The New Republic, May 17. 2007
The scene former Deputy Attorney General James Comey described to the Senate Judiciary Committee on Tuesday was the stuff of Hollywood movies: a frantic race between White House and Justice Department officials to the hospital room of John Ashcroft; a dramatic showdown at the gravely ill man’s bedside, in which the White House tried to get him to overrule Comey’s decision not to reauthorize the National Security Agency’s (NSA) domestic surveillance program. But while the basic contours of this encounter have been public for some time, the full story, as Comey told it as part of the committee’s investigation into the federal prosecutor firings, gives the picture a more sinister sheen. What he described, very simply, was a White House bent on defying the law as the Justice Department understood it. It is, in a city that likes to imagine itself beyond shock, a genuinely shocking story.
Until it was brought under the Foreign Intelligence Surveillance Court earlier this year, the NSA’s warrantless wiretapping program, under President Bush’s order, required reauthorization by the president every 45 days. That reauthorization, in turn, required a certification by the attorney general that the program was lawful. Early in 2004, the Office of Legal Counsel (OLC)—under the new leadership of then-Assistant Attorney General Jack Goldsmith—developed anxieties about the program and determined that “they could not find an adequate legal basis” for it, Comey testified. In response, Comey and Ashcroft discussed the matter, and they too developed “concerns as to our ability to certify [the program’s] legality.” (Comey did not confirm he was talking about the NSA’s program, but he clearly was.) Hours later, Ashcroft became critically ill with pancreatitis and was rushed to the hospital, and Comey became acting attorney general.

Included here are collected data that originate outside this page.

lemma fps_mult_nth_interior:
  fixes f g :: "'a::comm_semiring_1 fps"
  assumes "fps_nth f 0 = 0" "fps_nth g 0 = 0"
  shows "fps_nth (f * g) n = (\<Sum>k=1..n-1. fps_nth f k * fps_nth g (n - k))"
proof (cases "n = 0")
  case False
  have "{0..n} = insert 0 (insert n {1..n-1})" using False by auto
  then show ?thesis using False assms by (simp add: fps_mult_nth)
qed (simp add: fps_mult_nth assms)

lemma catalan_fps_nth_0: "fps_nth catalan_fps 0 = 0"
  by (simp add: catalan_fps_def sqrt_fps_def central_binomial_fps_def)

lemma catalan_fps_nth_Suc: "fps_nth catalan_fps (Suc m) = catalan m"
proof -
  define c where "c = real ((2 * m) choose m)"
  have "fps_nth sqrt_fps (Suc m) = real ((2 * Suc m) choose Suc m) - 4 * c"
    by (simp add: sqrt_fps_def central_binomial_fps_def algebra_simps numeral_fps_const c_def
        del: binomial_Suc_Suc)
  also have "real ((2 * Suc m) choose Suc m) = 2 * (2 * real m + 1) * c / (real m + 1)"
    using central_binomial_Suc[of m] unfolding c_def by (simp add: field_simps del: binomial_Suc_Suc)
  finally show ?thesis
    by (simp add: catalan_fps_def catalan_def c_def field_simps del: binomial_Suc_Suc)
qed

lemma X_central_binomial_fps_nth: "fps_nth (fps_X * central_binomial_fps) k = real k * fps_nth catalan_fps k"
  by (cases k) (simp_all add: catalan_fps_nth_Suc catalan_def central_binomial_fps_def catalan_fps_nth_0)

lemma pairs_fps_nth_0: "fps_nth pairs_fps 0 = 0"
  by (simp add: pairs_fps_def)

lemma pairs_fps_nth: "n \<ge> 1 \<Longrightarrow> fps_nth pairs_fps n = (4 ^ (n - 1) - real ((2 * (n - 1)) choose (n - 1))) / 2"
  by (simp add: pairs_fps_def mult.assoc four_pow_fps_def central_binomial_fps_def)

lemma four_pow_central_binomial_fps_nth:
  "fps_nth (four_pow_fps * central_binomial_fps) m = (2 * real m + 1) * real ((2 * m) choose m)"
proof (induction m)
  case (Suc m)
  have "four_pow_fps * central_binomial_fps - fps_const 4 * (fps_X * (four_pow_fps * central_binomial_fps))
      = four_pow_fps * (1 - 4 * fps_X) * central_binomial_fps"
    by (simp add: algebra_simps numeral_fps_const)
  then have "four_pow_fps * central_binomial_fps
      = central_binomial_fps + fps_const 4 * (fps_X * (four_pow_fps * central_binomial_fps))"
    by (simp add: four_pow_fps_geometric diff_eq_eq)
  then have "fps_nth (four_pow_fps * central_binomial_fps) (Suc m)
      = fps_nth (central_binomial_fps + fps_const 4 * (fps_X * (four_pow_fps * central_binomial_fps))) (Suc m)"
    by (rule arg_cong)
  also have "\<dots> = fps_nth central_binomial_fps (Suc m) + 4 * fps_nth (four_pow_fps * central_binomial_fps) m"
    by simp
  also have "\<dots> = real ((2 * Suc m) choose Suc m) + 4 * ((2 * real m + 1) * real ((2 * m) choose m))"
    unfolding Suc by (simp add: central_binomial_fps_def del: binomial_Suc_Suc)
  also have "\<dots> = (2 * real (Suc m) + 1) * real ((2 * Suc m) choose Suc m)"
    using central_binomial_Suc[of m] by (simp add: algebra_simps del: binomial_Suc_Suc)
  finally show ?case .
qed (simp add: four_pow_fps_def central_binomial_fps_def)

lemma dist_fps_nth_0: "fps_nth dist_fps 0 = 0"
  by (simp add: dist_fps_def)

lemma dist_fps_nth:
  "n \<ge> 2 \<Longrightarrow> fps_nth dist_fps n = (2 * real (n - 2) + 1) * real ((2 * (n - 2)) choose (n - 2))"
  by (simp add: dist_fps_def mult.assoc fps_X_power_mult_nth four_pow_central_binomial_fps_nth)

lemma catalan_fps_rec:
  "n \<ge> 2 \<Longrightarrow> fps_nth catalan_fps n = (\<Sum>k=1..n-1. fps_nth catalan_fps k * fps_nth catalan_fps (n - k))"
  by (subst catalan_fps_equation) (simp add: fps_mult_nth_interior catalan_fps_nth_0)

lemma pairs_fps_rec:
  assumes "n \<ge> 2"
  shows "fps_nth pairs_fps n = (\<Sum>k=1..n-1.
     (fps_nth pairs_fps k + real k * fps_nth catalan_fps k) * fps_nth catalan_fps (n - k)
     + fps_nth catalan_fps k * fps_nth pairs_fps (n - k))"
proof -
  have "fps_nth pairs_fps n = fps_nth (pairs_fps * catalan_fps) n
      + fps_nth (fps_X * central_binomial_fps * catalan_fps) n + fps_nth (catalan_fps * pairs_fps) n"
    by (subst pairs_fps_equation) (simp only: fps_add_nth)
  then show ?thesis
    by (simp add: fps_mult_nth_interior catalan_fps_nth_0 pairs_fps_nth_0 X_central_binomial_fps_nth
        sum.distrib distrib_right del: fps_X_mult_nth)
qed

lemma dist_fps_rec:
  assumes "n \<ge> 2"
  shows "fps_nth dist_fps n = (\<Sum>k=1..n-1.
     (fps_nth dist_fps k + fps_nth pairs_fps k + real k * fps_nth catalan_fps k) * fps_nth catalan_fps (n - k)
     + fps_nth catalan_fps k * fps_nth dist_fps (n - k))"
proof -
  have "fps_nth dist_fps n = fps_nth ((dist_fps + pairs_fps + fps_X * central_binomial_fps) * catalan_fps) n
      + fps_nth (catalan_fps * dist_fps) n"
    by (subst dist_fps_equation) (simp only: fps_add_nth)
  then show ?thesis
    by (simp add: fps_mult_nth_interior catalan_fps_nth_0 pairs_fps_nth_0 dist_fps_nth_0
        X_central_binomial_fps_nth sum.distrib distrib_right del: fps_X_mult_nth)
qed

section \<open>Closed forms\<close>

lemma card_trees_eq_catalan_fps: "real (card (trees n)) = fps_nth catalan_fps n"
proof (induction n rule: less_induct)
  case (less n)
  consider "n = 0" | "n = 1" | "n \<ge> 2" by linarith
  then show ?case
  proof cases
    case 3
    with less show ?thesis
      unfolding card_trees_rec[OF 3] catalan_fps_rec[OF 3] by (intro sum.cong) auto
  qed (simp_all add: trees_0 trees_1 catalan_fps_nth_0 catalan_fps_nth_Suc catalan_def)
qed

lemma total_pairs_eq_pairs_fps: "real (total_pairs n) = fps_nth pairs_fps n"
proof (induction n rule: less_induct)
  case (less n)
  consider "n = 0" | "n = 1" | "n \<ge> 2" by linarith
  then show ?case
  proof cases
    case 3
    with less show ?thesis
      unfolding total_pairs_rec[OF 3] pairs_fps_rec[OF 3] card_trees_eq_catalan_fps
      by (intro sum.cong) auto
  qed (simp_all add: total_pairs_eq_depth_total depth_total_def trees_0 trees_1 vertices_Node pairs_fps_nth_0 pairs_fps_nth)
qed

lemma total_dist_eq_dist_fps: "real (total_dist n) = fps_nth dist_fps n"
proof (induction n rule: less_induct)
  case (less n)
  consider "n = 0" | "n = 1" | "n \<ge> 2" by linarith
  then show ?case
  proof cases
    case 3
    with less show ?thesis
      unfolding total_dist_rec[OF 3] dist_fps_rec[OF 3] card_trees_eq_catalan_fps total_pairs_eq_pairs_fps
      by (intro sum.cong) auto
  qed (simp_all add: total_dist_eq_depth_total depth_total_def trees_0 trees_1 vertices_Node dist_fps_def fps_X_power_mult_nth)
qed

lemma total_pairs_Suc: "real (total_pairs (Suc m)) = (4 ^ m - real ((2 * m) choose m)) / 2"
  by (simp add: total_pairs_eq_pairs_fps pairs_fps_nth)

lemma total_dist_Suc: "real (total_dist (Suc m)) = real m * real ((2 * m) choose m) / 2"
proof (cases m)
  case 0
  then show ?thesis by (simp add: total_dist_eq_dist_fps dist_fps_def)
next
  case (Suc j)
  then show ?thesis
    using central_binomial_Suc[of j]
    by (simp add: total_dist_eq_dist_fps dist_fps_nth del: binomial_Suc_Suc)
qed

lemma total_dist_fact:
  assumes "n \<ge> 2"
  shows "real (total_dist n) = fact (2 * n - 3) / (fact (n - 2))\<^sup>2"
proof -
  obtain j where n: "n = Suc (Suc j)"
    using le_Suc_ex[OF assms] by auto
  have "real (total_dist n) = (2 * real j + 1) * real ((2 * j) choose j)"
    using central_binomial_Suc[of j] by (simp add: n total_dist_Suc del: binomial_Suc_Suc)
  also have "\<dots> = (2 * real j + 1) * fact (2 * j) / (fact j)\<^sup>2"
    by (simp add: binomial_fact power2_eq_square)
  also have "\<dots> = fact (2 * n - 3) / (fact (n - 2))\<^sup>2"
    by (simp add: n numeral_3_eq_3)
  finally show ?thesis .
qed

lemma total_dist_choose_catalan: "real (total_dist (Suc m)) = real (Suc m choose 2) * catalan m"
proof -
  have choose: "real (Suc m choose 2) = (real m + 1) * real m / 2"
    by (auto simp add: choose_two field_char_0_class.of_nat_div mod_eq_0_iff_dvd algebra_simps)
  show ?thesis
    unfolding total_dist_Suc catalan_def choose by (simp add: field_simps)
qed

section \<open>Wallis bounds and asymptotics\<close>

definition dfact_ratio :: "nat \<Rightarrow> real" where
  "dfact_ratio m = real (dfact (2 * m)) / real (dfact (2 * m - 1))"

lemma dfact_pos: "0 < dfact n"
  by (induction n rule: dfact.induct) auto

lemma dfact_ratio_pos: "0 < dfact_ratio m"
  by (simp add: dfact_ratio_def dfact_pos)

lemma dfact_ratio_0: "dfact_ratio 0 = 1"
  by (simp add: dfact_ratio_def)

lemma dfact_ratio_Suc: "dfact_ratio (Suc m) = dfact_ratio m * (2 * real m + 2) / (2 * real m + 1)"
proof -
  have "dfact (2 * Suc m) = (2 * m + 2) * dfact (2 * m)"
    by (simp add: numeral_2_eq_2)
  moreover have "dfact (2 * Suc m - 1) = (2 * m + 1) * dfact (2 * m - 1)"
    by (cases m) (simp_all add: numeral_2_eq_2)
  ultimately show ?thesis
    using dfact_pos[of "2 * m - 1"] by (simp add: dfact_ratio_def field_simps)
qed

lemma wallis_partial_product:
  "(\<Prod>k=1..m. 4 * real k ^ 2 / (4 * real k ^ 2 - 1)) = dfact_ratio m ^ 2 / (2 * real m + 1)"
proof (induction m)
  case (Suc m)
  let ?F = "\<lambda>k. 4 * real k ^ 2 / (4 * real k ^ 2 - 1)"
  have pos: "0 < 2 * real m + 1" "0 < 2 * real m + 3" by linarith+
  have "(\<Prod>k=1..Suc m. ?F k) = (\<Prod>k=1..m. ?F k) * ?F (Suc m)"
    by (simp add: prod.nat_ivl_Suc')
  also have "(\<Prod>k=1..m. ?F k) = dfact_ratio m ^ 2 / (2 * real m + 1)"
    by (rule Suc)
  also have "?F (Suc m) = (2 * real m + 2) ^ 2 / ((2 * real m + 1) * (2 * real m + 3))"
    by (simp add: power2_eq_square algebra_simps)
  also have "dfact_ratio m ^ 2 / (2 * real m + 1) * ((2 * real m + 2) ^ 2 / ((2 * real m + 1) * (2 * real m + 3)))
      = (dfact_ratio m * (2 * real m + 2) / (2 * real m + 1)) ^ 2 / (2 * real m + 3)"
    using pos by (simp add: field_simps power2_eq_square)
  finally show ?case
    using Suc by (simp add: dfact_ratio_Suc algebra_simps)
qed (simp add: dfact_ratio_0)

lemma dfact_ratio_squared_le: "dfact_ratio m ^ 2 \<le> pi * (real m + 1/2)"
proof -
  let ?W = "\<lambda>m. \<Prod>k=1..m. 4 * real k ^ 2 / (4 * real k ^ 2 - 1)"
  have "incseq ?W"
  proof (rule incseq_SucI)
    fix m
    have "1 \<le> real (Suc m) ^ 2" by simp
    then have "0 < 4 * real (Suc m) ^ 2 - 1" by linarith
    then have "1 \<le> 4 * real (Suc m) ^ 2 / (4 * real (Suc m) ^ 2 - 1)"
      by (subst le_divide_eq_1_pos) auto
    moreover have "0 \<le> ?W m"
      by (subst wallis_partial_product) simp
    ultimately have "?W m * 1 \<le> ?W m * (4 * real (Suc m) ^ 2 / (4 * real (Suc m) ^ 2 - 1))"
      by (intro mult_left_mono)
    then show "?W m \<le> ?W (Suc m)"
      by (simp add: prod.nat_ivl_Suc')
  qed
  then have "?W m \<le> pi / 2"
    using wallis by (rule incseq_le)
  then have "dfact_ratio m ^ 2 / (2 * real m + 1) \<le> pi / 2"
    by (simp only: wallis_partial_product)
  moreover have "0 < 2 * real m + 1" by linarith
  ultimately show ?thesis
    by (simp add: field_simps)
qed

In the days leading up to the March 11 deadline, he informed the White House that he would not reauthorize the program.
The night of March 10, Ashcroft’s wife called the attorney general’s chief of staff, David Ayers, from her husband’s hospital room to say that she had received a call from the White House and that Alberto Gonzales, then the White House counsel, and White House Chief of Staff Andy Card were on their way there. Comey rushed over, as did Goldsmith and another department official, Patrick Philbin; he called in FBI Director Robert Mueller as well, though Mueller arrived only after the subsequent confrontation had taken place. In the hospital room, Card and Gonzales sought to persuade a barely conscious Ashcroft to sign the authorization, though the powers of the attorney general resided with Comey, not him. Ashcroft, Comey testified, “lifted his head off the pillow and in very strong terms expressed his view of the matter,” standing by the department’s position, and then said, “But that doesn’t matter, because I’m not the attorney general. There is the attorney general.” And he pointed at Comey.
Over the next few days, Comey testified, “The program was reauthorized without us and without a signature from the Department of Justice attesting as to its legality.” Comey prepared to resign, as did Mueller and a bevy of other senior department officials. “Mr. Ashcroft’s chief of staff asked me…not [to] resign until Mr. Ashcroft was well enough to resign with me,” he informed the committee. Only after personal meetings between President Bush and both Comey and Mueller was the crisis averted. In a conversation with the FBI director, Comey related, Bush instructed them to “do what we believed, what the Justice Department believed was necessary to put this matter on a footing where we could certify to its legality.” These changes were implemented over the succeeding weeks, and the resignations were shelved.